Sensor Network Configuration

Entity

The managed infrastructure of sensors, data collection points, and signal routing that instruments production equipment — defining which sensors monitor which assets, sampling rates, alarm thresholds, signal conditioning rules, and the mapping between physical measurement points and logical asset identifiers.

Shift and Labor Assignment

Relationship

The record of workforce deployment to production — shift patterns, crew compositions, individual operator assignments to work centers, skill certifications held, training completion status, and attendance/availability data.

Energy Consumption Record

Entity

The metered utility usage data broken down by equipment, production line, or facility zone — electricity, gas, water, compressed air, and steam consumption linked to time periods, production volumes, and operating conditions.
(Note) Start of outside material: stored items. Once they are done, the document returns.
lemma contraction:
  assumes x1: "x1 \<in> S" and x2: "x2 \<in> S"
  shows "dist (T x1) (T x2) \<le> (1/2) * dist x1 x2"
proof -
  have "dist (T x1) (T x2) \<le> (4 * Lp * \<delta> / c + 1/4) * dist x1 x2 + lam * (20 * Lp * \<delta> / c * dist x1 x2)"
    unfolding T_def
    by (rule dist_encode_le[OF continuous_on_TV[OF x1] continuous_on_TV[OF x2] continuous_on_TW[OF x1]
          continuous_on_TW[OF x2] TV_diff[OF x1 x2] TW_diff[OF x1 x2]])
  also have "\<dots> = (1/4 + Lp * \<delta> * (4 + 20 * lam) / c) * dist x1 x2"
    by (simp add: algebra_simps add_divide_distrib)
  also have "\<dots> \<le> (1/4 + 1/4) * dist x1 x2"
  proof (intro mult_right_mono add_left_mono)
    have "Lp * \<delta> * (4 + 20 * lam) \<le> 24 * (Lp * lam * \<delta>)"
      using lam_ge_8 Lp_ge_1 \<delta>_pos mult_left_mono[of 1 lam "Lp * \<delta>"] by (simp add: algebra_simps)
    then show "Lp * \<delta> * (4 + 20 * lam) / c \<le> 1/4"
      using \<delta>_small c_pos by (simp add: field_simps)
  qed simp
  finally show ?thesis by simp
qed

lemma unique_fixed_point: "\<exists>!x\<in>S. T x = x"
  by (rule Banach_fix[where c="1/2"])
    (use closed_S complete_eq_closed S_nonempty T_in_S contraction in auto)

definition system_V :: "(real \<Rightarrow> real^'n) \<Rightarrow> (real \<Rightarrow> real^'k) \<Rightarrow> real \<Rightarrow> real^'n" where
  "system_V V W z = U0 - integral {z..L} (\<lambda>y. \<Psi> (V y) (W y) (\<epsilon> * y) \<epsilon> *v W y)"

definition system_W :: "(real \<Rightarrow> real^'n) \<Rightarrow> (real \<Rightarrow> real^'k) \<Rightarrow> real \<Rightarrow> real^'k" where
  "system_W V W z = mexp (z *\<^sub>R \<Lambda> Ubar 0 0 0 - (\<epsilon> * z\<^sup>2 / 2) *\<^sub>R mat 1) *v Wbar
     + integral {0..z}
        (\<lambda>y. mexp ((z - y) *\<^sub>R \<Lambda> Ubar 0 0 0 - (\<epsilon> * z\<^sup>2 / 2) *\<^sub>R mat 1 + (\<epsilon> * y\<^sup>2 / 2) *\<^sub>R mat 1)
           *v (((\<Lambda> (V y) (W y) (\<epsilon> * y) \<epsilon> - \<Lambda> Ubar 0 0 0)
                - (\<epsilon> * y) *\<^sub>R (\<Upsilon> (V y) (W y) (\<epsilon> * y) \<epsilon> - mat 1)) *v W y))"

definition is_solution :: "(real \<Rightarrow> real^'n) \<Rightarrow> (real \<Rightarrow> real^'k) \<Rightarrow> bool" where
  "is_solution V W \<longleftrightarrow> continuous_on {0..L} V \<and> continuous_on {0..L} W \<and>
   (\<forall>\<zeta>\<in>{0..L}. V \<zeta> = system_V V W \<zeta>) \<and> (\<forall>\<zeta>\<in>{0..L}. W \<zeta> = system_W V W \<zeta>) \<and>
   (\<forall>\<zeta>\<in>{0..L}. norm (V \<zeta> - Ubar) \<le> (1/2) * \<delta> \<and> norm (W \<zeta>) \<le> cW * exp (- c * \<zeta> / 2) * \<delta>)"

lemma system_cong:
  assumes "\<And>y. y \<in> {0..L} \<Longrightarrow> V y = V' y" "\<And>y. y \<in> {0..L} \<Longrightarrow> W y = W' y" and z: "z \<in> {0..L}"
  shows "system_V V W z = system_V V' W' z" "system_W V W z = system_W V' W' z"
proof -
  have "y \<in> {z..L} \<Longrightarrow> V y = V' y \<and> W y = W' y" "y \<in> {0..z} \<Longrightarrow> V y = V' y \<and> W y = W' y" for y
    using assms by auto
  then show "system_V V W z = system_V V' W' z" "system_W V W z = system_W V' W' z"
    unfolding system_V_def system_W_def by (auto intro!: integral_cong arg_cong2[where f = "(+)"])
qed

lemma mexp_evol0: "mexp (z *\<^sub>R \<Lambda> Ubar 0 0 0 - (\<epsilon> * z\<^sup>2 / 2) *\<^sub>R mat 1) = evol0 z"
proof -
  have "z *\<^sub>R \<Lambda> Ubar 0 0 0 - (\<epsilon> * z\<^sup>2 / 2) *\<^sub>R mat 1 = diag_mat (\<lambda>i. z * d i - \<epsilon> * z\<^sup>2 / 2)"
    by (simp add: \<Lambda>_base vec_eq_iff mat_def)
  then show ?thesis by (simp add: mexp_diag_mat evol0_def)
qed

lemma mexp_evol:
  "mexp ((z - y) *\<^sub>R \<Lambda> Ubar 0 0 0 - (\<epsilon> * z\<^sup>2 / 2) *\<^sub>R mat 1 + (\<epsilon> * y\<^sup>2 / 2) *\<^sub>R mat 1) = evol z y"
proof -
  have "(z - y) *\<^sub>R \<Lambda> Ubar 0 0 0 - (\<epsilon> * z\<^sup>2 / 2) *\<^sub>R mat 1 + (\<epsilon> * y\<^sup>2 / 2) *\<^sub>R mat 1
      = diag_mat (\<lambda>i. (z - y) * d i - \<epsilon> * z\<^sup>2 / 2 + \<epsilon> * y\<^sup>2 / 2)"
    by (simp add: \<Lambda>_base vec_eq_iff mat_def)
  then show ?thesis by (simp add: mexp_diag_mat evol_def)
qed

lemma TV_TW_system: "TV x z = system_V (Vof x) (Wof x) z" "TW x z = system_W (Vof x) (Wof x) z"
  unfolding TV_def TW_def system_V_def system_W_def mexp_evol0 mexp_evol
  by (simp_all add: flux_def[abs_def] force_def pert_def coef_def \<Lambda>_base)

lemma solution_of_fixed_point:
  assumes x: "x \<in> S" and fx: "T x = x"
  shows "is_solution (Vof x) (Wof x)"
  unfolding is_solution_def
proof (intro conjI ballI)
  fix z assume z: "z \<in> {0..L}"
  show "Vof x z = system_V (Vof x) (Wof x) z" "Wof x z = system_W (Vof x) (Wof x) z"
    using T_components[OF x z] fx by (simp_all add: TV_TW_system)
  show "norm (Vof x z - Ubar) \<le> (1/2) * \<delta>" using Vof_bound[OF x z] by simp
  show "norm (Wof x z) \<le> cW * exp (- c * z / 2) * \<delta>" using Wof_bound[OF x z] by (simp add: mult_ac)
qed (auto intro: continuous_on_Vof continuous_on_Wof)

lemma fixed_point_of_solution:
  assumes sol: "is_solution V W"
  shows "encode V W \<in> S \<and> T (encode V W) = encode V W \<and>
         (\<forall>t\<in>{0..L}. Vof (encode V W) t = V t \<and> Wof (encode V W) t = W t)"
proof -
  have cV: "continuous_on {0..L} V" and cW: "continuous_on {0..L} W"
    and eqs: "\<And>t. t \<in> {0..L} \<Longrightarrow> V t = system_V V W t \<and> W t = system_W V W t"
    and bounds: "\<And>t. t \<in> {0..L} \<Longrightarrow> norm (V t - Ubar) \<le> (1/2) * \<delta> \<and> norm (W t) \<le> cW * exp (- c * t / 2) * \<delta>"
    using sol unfolding is_solution_def by blast+
  note comps = encode_components[OF cV cW]
  have x: "encode V W \<in> S"
    using bounds by (intro encode_in_S cV cW) (auto simp: mult_ac)
  have "T (encode V W) = encode V W"
    unfolding T_def
  proof (rule encode_cong[OF continuous_on_TV[OF x] continuous_on_TW[OF x] cV cW])
    fix t assume t: "t \<in> {0..L}"
    show "TV (encode V W) t = V t" "TW (encode V W) t = W t"
      using eqs[OF t] system_cong[OF comps(1) comps(2) t] unfolding TV_TW_system by simp_all
  qed
  then show ?thesis using x comps by blast
qed

(* Two solutions encode fixed points in S, which coincide. *)
lemma solution_unique:
  assumes "is_solution V1 W1" "is_solution V2 W2" "\<zeta> \<in> {0..L}"
  shows "V1 \<zeta> = V2 \<zeta> \<and> W1 \<zeta> = W2 \<zeta>"
  using fixed_point_of_solution[OF assms(1)] fixed_point_of_solution[OF assms(2)] unique_fixed_point assms(3)
  by metis

lemma solution_exists_unique: "uniquely_solvable \<delta> \<epsilon> U0 Wbar (1/2) cW"
proof -
  obtain x where "x \<in> S" "T x = x" using unique_fixed_point by blast
  then have "is_solution (Vof x) (Wof x)" by (rule solution_of_fixed_point)
  then show ?thesis
    unfolding uniquely_solvable_def Let_def L_def[symmetric] using solution_unique
    unfolding is_solution_def system_V_def system_W_def by blast
qed

end


context profile_coefficients
begin

lemma fixed_point_problemI:
  assumes "0 < \<delta>" "\<delta> < \<delta>\<^sub>0" "0 < \<epsilon>" "\<epsilon> \<le> \<delta>" "norm (U0 - Ubar) \<le> \<delta> / 4" "norm Wbar \<le> \<theta> * \<delta>"
  shows "fixed_point_problem c \<delta>\<^sub>1 Lp M Ubar \<Psi> \<Lambda> \<Upsilon> d \<delta> \<epsilon> Wbar U0"
  using assms below_\<delta>\<^sub>0[OF assms(2)]
  by (intro fixed_point_problem.intro profile_coefficients_axioms fixed_point_problem_axioms.intro) auto

(* Lemma 3.2 for given coefficients: take cV = 1/2, and \<epsilon> so small that U\<^sup>\<epsilon> lies
   within \<delta>/4 of Ubar. *)
theorem solution_theorem:
  fixes Ueps :: "real \<Rightarrow> real^'n"
  assumes Ueps_lim: "(Ueps \<longlongrightarrow> Ubar) (at_right 0)"
  shows "\<exists>\<delta>\<^sub>0>0. \<forall>\<delta>. 0 < \<delta> \<and> \<delta> < \<delta>\<^sub>0 \<longrightarrow>
     (\<exists>cV \<theta> cW. 0 < cV \<and> cV < 1 \<and> 0 < \<theta> \<and> \<theta> < 1 \<and> 0 < cW \<and> cW < 1 \<and>
       (\<exists>\<epsilon>\<^sub>0>0. \<forall>\<epsilon>. 0 < \<epsilon> \<and> \<epsilon> < \<epsilon>\<^sub>0 \<longrightarrow>
         (\<forall>Wbar. norm Wbar \<le> \<theta> * \<delta> \<longrightarrow> uniquely_solvable \<delta> \<epsilon> (Ueps \<epsilon>) Wbar cV cW)))"
proof (rule exI[of _ \<delta>\<^sub>0], intro conjI allI impI \<delta>\<^sub>0_pos)
  fix \<delta> assume \<delta>: "0 < \<delta> \<and> \<delta> < \<delta>\<^sub>0"
  have "\<forall>\<^sub>F e in at_right 0. dist (Ueps e) Ubar < \<delta> / 4"
    using tendstoD[OF Ueps_lim, of "\<delta> / 4"] \<delta> by simp
  then obtain b where b: "b > 0" "\<And>e. 0 < e \<Longrightarrow> e < b \<Longrightarrow> norm (Ueps e - Ubar) < \<delta> / 4"
    unfolding eventually_at_right_field dist_norm by auto
  have small_\<epsilon>: "\<exists>\<epsilon>\<^sub>0>0. \<forall>\<epsilon>. 0 < \<epsilon> \<and> \<epsilon> < \<epsilon>\<^sub>0 \<longrightarrow>
          (\<forall>Wbar. norm Wbar \<le> \<theta> * \<delta> \<longrightarrow> uniquely_solvable \<delta> \<epsilon> (Ueps \<epsilon>) Wbar (1/2) cW)"
  proof (rule exI[of _ "min b \<delta>"], intro conjI allI impI)
    fix \<epsilon> and Wbar :: "real^'k"
    assume "0 < \<epsilon> \<and> \<epsilon> < min b \<delta>" "norm Wbar \<le> \<theta> * \<delta>"
    then interpret fixed_point_problem c \<delta>\<^sub>1 Lp M Ubar \<Psi> \<Lambda> \<Upsilon> d \<delta> \<epsilon> Wbar "Ueps \<epsilon>"
      using \<delta> b(2)[of \<epsilon>] by (intro fixed_point_problemI) auto
    show "uniquely_solvable \<delta> \<epsilon> (Ueps \<epsilon>) Wbar (1/2) cW"
      by (rule solution_exists_unique)
  qed (use b \<delta> in auto)
  show "\<exists>cV \<theta> cW. 0 < cV \<and> cV < 1 \<and> 0 < \<theta> \<and> \<theta> < 1 \<and> 0 < cW \<and> cW < 1 \<and>
       (\<exists>\<epsilon>\<^sub>0>0. \<forall>\<epsilon>. 0 < \<epsilon> \<and> \<epsilon> < \<epsilon>\<^sub>0 \<longrightarrow>
         (\<forall>Wbar. norm Wbar \<le> \<theta> * \<delta> \<longrightarrow> uniquely_solvable \<delta> \<epsilon> (Ueps \<epsilon>) Wbar cV cW))"
  proof (rule exI[of _ "1/2"], rule exI[of _ \<theta>], rule exI[of _ cW], intro conjI)
    show "\<exists>\<epsilon>\<^sub>0>0. \<forall>\<epsilon>. 0 < \<epsilon> \<and> \<epsilon> < \<epsilon>\<^sub>0 \<longrightarrow>
          (\<forall>Wbar. norm Wbar \<le> \<theta> * \<delta> \<longrightarrow> uniquely_solvable \<delta> \<epsilon> (Ueps \<epsilon>) Wbar (1/2) cW)"
      by (fact small_\<epsilon>)
  qed (use \<theta>_pos \<theta>_less_1 cW_pos cW_le_half in auto)
qed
Digital Twin Model Configuration

Entity

The virtual replica definition that maps physical production assets, process flows, and constraints into a simulation-ready model — including asset topology, process logic, throughput parameters, failure distributions, and calibration state against actual production data.

Scheduling Priority Rule

Rule

The codified logic that determines how production orders are sequenced on constrained resources — including priority classes (customer commitment, margin, shelf life), tie-breaking rules, expedite override policies, and the weighting formulas that schedulers apply (often implicitly) when competing orders contend for the same time slot.

Lot Release Decision

Decision

The recurring pass/fail judgment point where a completed production lot is evaluated against acceptance criteria before advancing to the next process stage, packaging, or shipment — encompassing the decision criteria, authority levels, hold/release/disposition outcomes, and the evidence package required to support each decision.

Changeover Sequence Rule

Rule

The defined logic governing product-to-product transition sequences on production lines — including sequence-dependent setup times, cleaning requirements, tooling swap matrices, product family groupings, and the optimization constraints that determine which changeover paths minimize total lost time.